In 1995, I encountered Enterprise Architecture (EA) thanks to a visionary leader who championed EA initiatives at two New York financial firms. Initially, I found the concept overly theoretical and questioned its practical value for IT. What concrete deliverables did it offer? How would it benefit the technology side? These were just some of the questions swirling in my mind. However, I was open to learning and trusted the judgment of this mentor.

It took a few years for me to truly grasp the EA mindset, and even longer to become a full-fledged Enterprise Architect. From my experience, EA is all about aligning with the core priorities and strategies of the business. Technology should be a tool to support these goals, not the other way around.

Frameworks like TOGAF, Zachman, and O-AA can provide a solid foundation for your organization’s architectural practice. However, customization is key. Adapt them to your specific needs and ensure they integrate seamlessly with existing software processes. Remember, the framework shouldn’t be rigid dogma. Keep practical objectives front-and-center and avoid getting bogged down in theory.

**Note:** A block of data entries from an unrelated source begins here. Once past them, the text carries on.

lemma coef_f_past_shorter:
  assumes T: "pbw_index PT ZT QT" and PZQ: "pbw_index P Z Q"
    and shorter: "pbw_len PT ZT QT < pbw_len P Z Q"
  shows "coef PT ZT QT (f_past_e n P Z Q + f_past_h n P Z Q)
    = (if P = add_mset (N - n) PT \<and> Z = ZT \<and> Q = QT then of_nat (count P (N - n)) * - \<phi> (L Hh N) else 0)"
proof -
  have same_len: "coef PT ZT QT (pbw P' Z' Q') = 0" if "pbw_index P' Z' Q'" "pbw_len P' Z' Q' = pbw_len P Z Q"
    for P' Z' Q'
    using coef_pbw_longer[OF T that(1)] that(2) shorter by simp
  have h_part: "coef PT ZT QT (f_past_h n P Z Q) = 0"
  proof -
    have "coef PT ZT QT (if n + a \<le> N then 2 *s pbw P (Z - {#a#}) (add_mset (n + a) Q) else 0) = 0"
      if "a \<in># Z" for a
      using that PZQ by (auto simp: coef_scale pbw_len_def pbw_index_diff
          dest!: multi_member_split intro!: same_len)
    then show ?thesis by (simp add: f_past_h_def coef_sum_mset cong: image_mset_cong)
  qed
  define x where "x = N - n"
  have "coef PT ZT QT (f_past_e n P Z Q)
      = (\<Sum>y\<in>#P. if y = x then - \<phi> (L Hh N) * coef PT ZT QT (pbw (P - {#x#}) Z Q) else 0)"
    unfolding f_past_e_def coef_sum_mset
  proof (rule sum_mset_cong)
    fix y assume "y \<in># P"
    then show "coef PT ZT QT (if n + y \<le> -1 then (-1) *s pbw (P - {#y#}) (add_mset (n + y) Z) Q
        else if n + y = N then (- \<phi> (L Hh N)) *s pbw (P - {#y#}) Z Q else 0)
      = (if y = x then - \<phi> (L Hh N) * coef PT ZT QT (pbw (P - {#x#}) Z Q) else 0)"
      using PZQ N_pos unfolding x_def
      by (auto simp: coef_scale coef_neg pbw_len_def pbw_index_diff dest!: multi_member_split intro!: same_len)
  qed
  also have "\<dots> = of_nat (count P x)
      * (if P - {#x#} = PT then (if Z = ZT \<and> Q = QT then - \<phi> (L Hh N) else 0) else 0)"
    using coef_pbw[OF T, of "P - {#x#}" Z Q] PZQ by (simp add: sum_mset_delta pbw_index_diff)
  finally have e_part: "coef PT ZT QT (f_past_e n P Z Q)
      = of_nat (count P x) * (if P - {#x#} = PT then (if Z = ZT \<and> Q = QT then - \<phi> (L Hh N) else 0) else 0)" .
  show ?thesis
    unfolding coef_add h_part e_part count_times_if_diff_eq by (auto simp: x_def)
qed

lemma coef_e_past_single_e:
  assumes T: "pbw_index {#t#} ZT {#}" and Z: "pbw_index {#} Z {#}"
  shows "coef {#t#} ZT {#} (e_past_h j {#} Z {#} + e_past_f j {#} Z {#})
    = (if Z = add_mset (t - j) ZT then of_nat (count Z (t - j)) * -2 else 0)"
proof -
  have "coef {#t#} ZT {#} (e_past_h j {#} Z {#})
      = (\<Sum>a\<in>#Z. if a = t - j then -2 * coef {#t#} ZT {#} (pbw {#t#} (Z - {#t - j#}) {#}) else 0)"
    unfolding e_past_h_def coef_sum_mset
  proof (rule sum_mset_cong)
    fix a assume "a \<in># Z"
    then show "coef {#t#} ZT {#} (if j + a \<le> -1 then (-2) *s pbw {#j + a#} (Z - {#a#}) {#} else 0)
      = (if a = t - j then -2 * coef {#t#} ZT {#} (pbw {#t#} (Z - {#t - j#}) {#}) else 0)"
      using T Z coef_pbw[OF T, of "{#j + a#}" "Z - {#a#}" "{#}"]
      by (auto simp: coef_scale coef_neg pbw_index_diff)
  qed
  also have "\<dots> = of_nat (count Z (t - j)) * (if Z - {#t - j#} = ZT then -2 else 0)"
    using coef_pbw[OF T, of "{#t#}" "Z - {#t - j#}" "{#}"] T Z by (simp add: sum_mset_delta pbw_index_diff)
  finally show ?thesis
    unfolding count_times_if_diff_eq by (simp add: coef_add e_past_f_def)
qed

lemma coef_act_e_pbw:
  assumes "j \<ge> 0" "pbw_index P Z Q" "pbw_index PT ZT QT"
    and "true_ht P Z Q \<le> h" "true_ht PT ZT QT = h - j"
  shows "coef PT ZT QT (act (L Ee j) (pbw P Z Q))
    = (if true_ht P Z Q = h then coef PT ZT QT (e_past_h j P Z Q + e_past_f j P Z Q) else 0)"
proof -
  have "coef PT ZT QT (act (L Ee j) (pbw P Z Q) - (e_past_h j P Z Q + e_past_f j P Z Q)) = 0"
    using assms by (intro coef_Fil[OF assms(3) act_e_high_pbw_mod_Fil]) auto
  moreover have "coef PT ZT QT (e_past_h j P Z Q + e_past_f j P Z Q) = 0" if "true_ht P Z Q \<noteq> h"
    using assms that by (intro coef_Fil[OF assms(3) e_past_in_Fil]) auto
  ultimately show ?thesis by (auto simp: coef_diff)
qed

lemma coef_act_f_pbw:
  assumes "n > N" "pbw_index P Z Q" "pbw_index PT ZT QT"
    and "true_ht P Z Q \<le> h" "true_ht PT ZT QT = h - n"
  shows "coef PT ZT QT (act (L Ff n) (pbw P Z Q))
    = (if true_ht P Z Q = h then coef PT ZT QT (f_past_e n P Z Q + f_past_h n P Z Q) else 0)"
proof -
  have "coef PT ZT QT (act (L Ff n) (pbw P Z Q) - (f_past_e n P Z Q + f_past_h n P Z Q)) = 0"
    using assms by (intro coef_Fil[OF assms(3) act_f_high_pbw_mod_Fil]) auto
  moreover have "coef PT ZT QT (f_past_e n P Z Q + f_past_h n P Z Q) = 0" if "true_ht P Z Q \<noteq> h"
    using assms that by (intro coef_Fil[OF assms(3) f_past_in_Fil]) auto
  ultimately show ?thesis by (auto simp: coef_diff)
qed

end

section \<open>Singular vectors\<close>

locale singular_vector = induced_loop_module scale act v \<phi> N
  for scale :: "complex \<Rightarrow> 'v::ab_group_add \<Rightarrow> 'v" (infixr \<open>*s\<close> 75) and act v \<phi> N +
  fixes a :: "triple \<Rightarrow> complex" and w :: 'v and H :: int and l :: nat
  assumes finite_support: "finite {\<gamma>. a \<gamma> \<noteq> 0}"
    and support_Gamma: "{\<gamma>. a \<gamma> \<noteq> 0} \<subseteq> Gamma (-1) N"
    and w_eq: "w = (\<Sum>\<gamma>\<in>{\<gamma>. a \<gamma> \<noteq> 0}. a \<gamma> *s Xact act \<gamma> v)"
    and singular: "singular (-1) N \<phi> scale act w"
    and H_eq: "H = Max (gHt N ` {\<gamma>. a \<gamma> \<noteq> 0})"
    and l_eq: "l = Min (glen ` {\<gamma>. a \<gamma> \<noteq> 0 \<and> gHt N \<gamma> = H})"
    and phi_hN: "\<phi> (L Hh N) \<noteq> 0"
begin

abbreviation top :: "triple set" where
  "top \<equiv> {\<gamma>. a \<gamma> \<noteq> 0 \<and> gHt N \<gamma> = H}"

lemma finite_top: "finite top"
  using finite_support by (rule rev_finite_subset) auto

lemma top_Gamma: "\<gamma> \<in> top \<Longrightarrow> \<gamma> \<in> Gamma (-1) N"
  using support_Gamma by auto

Many organizations, public and private alike, are structured with separate departments or “silos” focused on specific business domains. While this traditional approach has its merits, it can hinder agility. Enterprise Architecture can bridge these silos by fostering collaboration and shared goals.

Effective EA requires a strong foundation. Initiation, in my view, means embedding EA within the organization, giving it the necessary authority and resources. Governance, on the other hand, refers to a defined execution process that includes clear oversight, guidance, and the ability to handle deviations from the framework while still achieving overall objectives.  Additionally, close cooperation between EA and product teams during agile iterations (sprints) can illuminate architectural gaps (“blind spots”).